(* Let $r_0\in\mathbb{R}^7$ and let $\vartheta:\mathbb{R}^7\times\mathbb{R}^2\to\mathbb{R}$ satisfy: (i) for every $z\in\mathbb{R}^2$, $\vartheta(r_0,z)\le0$ iff there exist $t_f\ge0$ and $(\mathbf r,\mathbf u)\in\Pi^{\mathcal K,\mathcal C}_{r_0,t_f}$ with $J(\mathbf r(1),t_f)\le z$; (ii) $z\le z'$ implies $\vartheta(r_0,z)\ge\vartheta(r_0,z')$. With $z^*(r_0)$ the utopian point, define for $\mu\in[0,1]^2$ $\Theta_{r_0}(\mu):=\inf\{\tau\ge0:\vartheta(r_0,z^*(r_0)+\mu\tau)\le0\ \text{and}\ \tau<m_{\mathrm{prop}}/\mu_1\}\in[0,\infty]$ and $\Sigma_{r_0}:=\{z^*(r_0)+\mu\,\Theta_{r_0}(\mu):\mu\in[0,1]^2,\ \mu_1+\mu_2=1\}$. Then the Pareto front $\mathcal F$ (the set of Pareto optimal values) is a subset of $\Sigma_{r_0}$.
   Context: Fixed data: rotation rate $\Omega\ge0$, exhaust velocity $v_e>0$, $m_{\mathrm{dry}},m_{\mathrm{prop}}>0$, $m_{\min}:=m_{\mathrm{dry}}$, $m_{\max}:=m_{\mathrm{dry}}+m_{\mathrm{prop}}$, radii $0<\rho_{\min}<\rho_{\max}$, a potential $U:\mathbb{R}^3\to\mathbb{R}$ with partials $U_x,U_y,U_z$, a control set $\mathcal U\subset\mathbb{R}^3$. For $r=(x,y,z,v_x,v_y,v_z,m)\in\mathbb{R}^7$, $u\in\mathcal U$: $\tilde f(r,u)=(v_x,v_y,v_z,U_x+\Omega^2x+2\Omega v_y+u_x/m,\ U_y+\Omega^2y-2\Omega v_x+u_y/m,\ U_z+u_z/m,\ -|u|/v_e)$, and $f(r,u,t_f):=t_f\tilde f(r,u)$. $\mathcal U_{ad}$: Lebesgue measurable $\mathcal U$-valued functions. $\mathcal K_0:=\{r:\sqrt{x^2+y^2+z^2}\in[\rho_{\min},\rho_{\max}],\ m\in(m_{\min},m_{\max}]\}$, $\mathcal K:=\{r\in\mathcal K_0:\exists u\in\mathcal U,\ \tilde f(r,u)\cdot\eta_r<0\}$ ($\eta_r$ exterior normal to $\mathcal K$ at $r$), $\mathcal C:=\{r\in\mathcal K:|r_{\mathrm{target}}-r|<\epsilon\}$ for given $r_{\mathrm{target}}$, $\epsilon>0$, assumed nonempty closed. $\Pi_{r_0,t_f}$: pairs $(\mathbf r,\mathbf u)$, $\mathbf r\in W^{1,1}([0,1];\mathbb{R}^7)$, $\mathbf u\in\mathcal U_{ad}$, $\dot{\mathbf r}=f(\mathbf r,\mathbf u,t_f)$ on $[0,1]$, $\mathbf r(0)=r_0$; $\Pi^{\mathcal K,\mathcal C}_{r_0,t_f}$: those with $\mathbf r(s)\in\mathcal K$ for all $s$ and $\mathbf r(1)$ in the interior of $\mathcal C$; $\pi:=\{(r_0,t_f)\in\mathcal K\times[0,\infty):\Pi^{\mathcal K,\mathcal C}_{r_0,t_f}\neq\emptyset\}$. $J(r_f,t_f):=(-(r_f)_7,\ t_f)$. Orders on $\mathbb{R}^2$ are componentwise ($<$ meaning strict in every component). Utopian point: $z^*_i(r_0):=\inf\{J_i(\mathbf r(1),t_f):(r_0,t_f)\in\pi,(\mathbf r,\mathbf u)\in\Pi^{\mathcal K,\mathcal C}_{r_0,t_f}\}$. An admissible trajectory $(\mathbf r,\mathbf u)\in\Pi^{\mathcal K,\mathcal C}_{r_0,t_f}$ is dominated by $(\mathbf x,\mathbf v)\in\Pi^{\mathcal K,\mathcal C}_{r_0,\hat t_f}$ if $J(\mathbf x(1),\hat t_f)\le J(\mathbf r(1),t_f)$ and $J(\mathbf x(1),\hat t_f)\ne J(\mathbf r(1),t_f)$. The Pareto front $\mathcal F$ is the set of values $J(\mathbf r(1),t_f)$ of admissible trajectories (over all $t_f\ge0$) that are not dominated by any admissible trajectory from $r_0$; equivalently, values $z$ of admissible trajectories such that no admissible value dominates $z$. *)

theory Defs
  imports "HOL-Analysis.Analysis"
begin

---+---

▸ Problem details
All the entries are to be reproduced verbatim.

▸ Written reply
(* Let $r_0\in\mathbb{R}^7$ and let $\vartheta:\mathbb{R}^7\times\mathbb{R}^2\to\mathbb{R}$ satisfy: (i) for every $z\in\mathbb{R}^2$, $\vartheta(r_0,z)\le0$ iff there exist $t_f\ge0$ and $(\mathbf r,\mathbf u)\in\Pi^{\mathcal K,\mathcal C}_{r_0,t_f}$ with $J(\mathbf r(1),t_f)\le z$; (ii) $z\le z'$ implies $\vartheta(r_0,z)\ge\vartheta(r_0,z')$. With $z^*(r_0)$ the utopian point, define for $\mu\in[0,1]^2$ $\Theta_{r_0}(\mu):=\inf\{\tau\ge0:\vartheta(r_0,z^*(r_0)+\mu\tau)\le0\ \text{and}\ \tau<m_{\mathrm{prop}}/\mu_1\}\in[0,\infty]$ and $\Sigma_{r_0}:=\{z^*(r_0)+\mu\,\Theta_{r_0}(\mu):\mu\in[0,1]^2,\ \mu_1+\mu_2=1\}$. Then the Pareto front $\mathcal F$ (the set of Pareto optimal values) is a subset of $\Sigma_{r_0}$.
   Context: Fixed data: rotation rate $\Omega\ge0$, exhaust velocity $v_e>0$, $m_{\mathrm{dry}},m_{\mathrm{prop}}>0$, $m_{\min}:=m_{\mathrm{dry}}$, $m_{\max}:=m_{\mathrm{dry}}+m_{\mathrm{prop}}$, radii $0<\rho_{\min}<\rho_{\max}$, a potential $U:\mathbb{R}^3\to\mathbb{R}$ with partials $U_x,U_y,U_z$, a control set $\mathcal U\subset\mathbb{R}^3$. For $r=(x,y,z,v_x,v_y,v_z,m)\in\mathbb{R}^7$, $u\in\mathcal U$: $\tilde f(r,u)=(v_x,v_y,v_z,U_x+\Omega^2x+2\Omega v_y+u_x/m,\ U_y+\Omega^2y-2\Omega v_x+u_y/m,\ U_z+u_z/m,\ -|u|/v_e)$, and $f(r,u,t_f):=t_f\tilde f(r,u)$. $\mathcal U_{ad}$: Lebesgue measurable $\mathcal U$-valued functions. $\mathcal K_0:=\{r:\sqrt{x^2+y^2+z^2}\in[\rho_{\min},\rho_{\max}],\ m\in(m_{\min},m_{\max}]\}$, $\mathcal K:=\{r\in\mathcal K_0:\exists u\in\mathcal U,\ \tilde f(r,u)\cdot\eta_r<0\}$ ($\eta_r$ exterior normal to $\mathcal K$ at $r$), $\mathcal C:=\{r\in\mathcal K:|r_{\mathrm{target}}-r|<\epsilon\}$ for given $r_{\mathrm{target}}$, $\epsilon>0$, assumed nonempty closed. $\Pi_{r_0,t_f}$: pairs $(\mathbf r,\mathbf u)$, $\mathbf r\in W^{1,1}([0,1];\mathbb{R}^7)$, $\mathbf u\in\mathcal U_{ad}$, $\dot{\mathbf r}=f(\mathbf r,\mathbf u,t_f)$ on $[0,1]$, $\mathbf r(0)=r_0$; $\Pi^{\mathcal K,\mathcal C}_{r_0,t_f}$: those with $\mathbf r(s)\in\mathcal K$ for all $s$ and $\mathbf r(1)$ in the interior of $\mathcal C$; $\pi:=\{(r_0,t_f)\in\mathcal K\times[0,\infty):\Pi^{\mathcal K,\mathcal C}_{r_0,t_f}\neq\emptyset\}$. $J(r_f,t_f):=(-(r_f)_7,\ t_f)$. Orders on $\mathbb{R}^2$ are componentwise ($<$ meaning strict in every component). Utopian point: $z^*_i(r_0):=\inf\{J_i(\mathbf r(1),t_f):(r_0,t_f)\in\pi,(\mathbf r,\mathbf u)\in\Pi^{\mathcal K,\mathcal C}_{r_0,t_f}\}$. An admissible trajectory $(\mathbf r,\mathbf u)\in\Pi^{\mathcal K,\mathcal C}_{r_0,t_f}$ is dominated by $(\mathbf x,\mathbf v)\in\Pi^{\mathcal K,\mathcal C}_{r_0,\hat t_f}$ if $J(\mathbf x(1),\hat t_f)\le J(\mathbf r(1),t_f)$ and $J(\mathbf x(1),\hat t_f)\ne J(\mathbf r(1),t_f)$. The Pareto front $\mathcal F$ is the set of values $J(\mathbf r(1),t_f)$ of admissible trajectories (over all $t_f\ge0$) that are not dominated by any admissible trajectory from $r_0$; equivalently, values $z$ of admissible trajectories such that no admissible value dominates $z$. *)

theory Defs
  imports "HOL-Analysis.Analysis"
begin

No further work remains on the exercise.